“They [security guards] are not in the right when they beat
people. But it was a small case so we just closed some of our eyes.”
Mok Chito,
acting Phnom Penh police chief, who admitted the police worked in concert with
the security guards, 7 January, 2014
“We are not clear whether it [security guards attacking Boeng
Kak protesters and demonstrators in Freedom Park] is right or wrong with the
law. But sometimes we consider them [security guards] to be competent officials
like us, so we do not stop them.”
Military Police
spokesman Brigadier General Kheng Tito, 7 January, 2014
It seems the
CPP government has outsourced to district security guards its job of cracking
down whatever it does not like. It is the security guards armed with metal bars
and wooden batons who violently clear protesters from the Freedom Park. It is
the security guards who kidnap five anti-eviction activists off the street and
take them to prison. It is the security guards who assault participants of a
memorial service for a bystander whom police has shot dead near Spean Monivong.
It is not
clear, however, why the CPP prefers these security guards to its soldiers,
military police, and police, who can as well do the dirty work with brute
force.

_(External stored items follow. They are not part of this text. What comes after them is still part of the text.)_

lemma discrete_subring_norm_ge_1:
  assumes ring: "subring mul e Z" and disc: "\<forall>z\<in>Z. \<not> z islimpt Z"
    and conj_closed: "\<forall>z\<in>Z. cnj e z \<in> Z" and "z \<in> Z" "z \<noteq> 0"
  shows "1 \<le> norm z"
proof (rule ccontr)
  assume "\<not> 1 \<le> norm z"
  define r where "r = (norm z)\<^sup>2"
  have r: "0 < r" "r < 1"
    using \<open>\<not> 1 \<le> norm z\<close> \<open>z \<noteq> 0\<close> by (auto simp: r_def power_less_one_iff)
  have "r *\<^sub>R e = mul (cnj e z) z"
    using normed_div_alg_cnj_mul_cancel_left[of z e] by (simp add: r_def)
  then have "r *\<^sub>R e \<in> Z"
    using ring conj_closed \<open>z \<in> Z\<close> unfolding subring_def by simp
  then have "(\<lambda>k. (r ^ Suc k) *\<^sub>R e) k \<in> Z - {0}" for k
    using subring_scaleR_unit_power[OF ring] r normed_div_alg_norm_unit by auto
  moreover have "(\<lambda>k. r ^ k) \<longlonglongrightarrow> 0"
    using r by (intro LIMSEQ_power_zero) auto
  then have "(\<lambda>k. (r ^ Suc k) *\<^sub>R e) \<longlonglongrightarrow> 0"
    using tendsto_scaleR[OF LIMSEQ_Suc tendsto_const[of e]] by fastforce
  ultimately have "0 islimpt Z"
    unfolding islimpt_sequential by (intro exI[of _ "\<lambda>k. (r ^ Suc k) *\<^sub>R e"]) simp
  then show False
    using disc ring unfolding subring_def by blast
qed

lemma approximates_zero_unit: "norm y < 1 \<Longrightarrow> approximates mul (0, e) y"
  using normed_div_alg_norm_unit by (auto simp: approximates_def intro: exI[of _ 0])

lemma approximates_step:
  assumes "approximates mul (P, Q) y" and "1 \<le> norm Q" and "1 < norm (c + y)"
  shows "approximates mul (Q, mul c Q + P) (dinv e (c + y))"
proof -
  obtain t where "Q \<noteq> 0" and P: "P = mul t Q" and close: "norm Q * norm (t - y) < 1"
    using assms(1) by (auto simp: approximates_def)
  have "norm (t - y) < 1"
    using close mult_right_mono[OF \<open>1 \<le> norm Q\<close> norm_ge_zero[of "t - y"]] by linarith
  moreover have "norm (c + y) \<le> norm (c + t) + norm (t - y)"
    using norm_triangle_ineq[of "c + t" "y - t"] by (simp add: norm_minus_commute)
  ultimately have "c + t \<noteq> 0"
    using \<open>1 < norm (c + y)\<close> by auto
  have "c + y \<noteq> 0"
    using \<open>1 < norm (c + y)\<close> by auto
  have next_Q: "mul c Q + P = mul (c + t) Q"
    by (simp add: P mul.add_left)
  have "norm (mul (c + t) Q) * norm (dinv e (c + t) - dinv e (c + y))
      = norm Q * norm (t - y) / norm (c + y)"
    using \<open>c + t \<noteq> 0\<close> \<open>c + y \<noteq> 0\<close>
    by (simp add: normed_div_alg_norm_mul norm_dinv_diff normed_div_alg_norm_unit)
  also have "\<dots> \<le> norm Q * norm (t - y)"
    using \<open>1 < norm (c + y)\<close>
    by (simp add: divide_le_eq mult_le_cancel_left1 not_less mult_nonneg_nonneg)
  finally have "norm (mul (c + t) Q) * norm (dinv e (c + t) - dinv e (c + y)) < 1"
    using close by linarith
  moreover have "Q = mul (dinv e (c + t)) (mul (c + t) Q)"
    using \<open>c + t \<noteq> 0\<close> by (simp add: normed_div_alg_dinv_mul_cancel_left)
  moreover have "mul (c + t) Q \<noteq> 0"
    using \<open>c + t \<noteq> 0\<close> \<open>Q \<noteq> 0\<close> normed_div_alg_norm_mul[of "c + t" Q] by auto
  ultimately show ?thesis
    unfolding approximates_def next_Q by auto
qed

end

lemma pq_mem_subring:
  assumes "subring mul e Z" "\<forall>j\<in>{n - k..n}. a j \<in> Z"
  shows "fst (pq mul e a n k) \<in> Z \<and> snd (pq mul e a n k) \<in> Z"
  using assms(2)
proof (induction k)
  case 0
  then show ?case
    using assms(1) by (simp add: subring_def)
next
  case (Suc k)
  have "{n - k..n} \<subseteq> {n - Suc k..n}"
    by auto
  then have "a (n - Suc k) \<in> Z" "fst (pq mul e a n k) \<in> Z \<and> snd (pq mul e a n k) \<in> Z"
    using Suc by auto
  then show ?case
    using assms(1) by (simp add: subring_def)
qed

It attracts criticisms and raises the question of legality. The guards
have no proper training in the law; they have no judicial authority to attack
or arrest anyone. Perhaps the CPP believes many hands make light work and less
criminal.
But
outsourcing has been the CPP’s vogue in the last few months. Now, it contracts
criminal work to security guards. It has outsourced education to private firms;
for their business operations, they must have their own in-house training
programs if they want qualified staff like engineers, bankers, etc.... The
responsibility of the country’s international ship registry right has been sold
off to well-connected private firms to use and abuse whichever way they think
fit. The CPP also outsources anti-corruption measures to private companies; the
first one to take up this option is Coca-Cola Cambodia; and they believe many
will follow suit.
However,
would the CPP ever outsource its corrupt activities?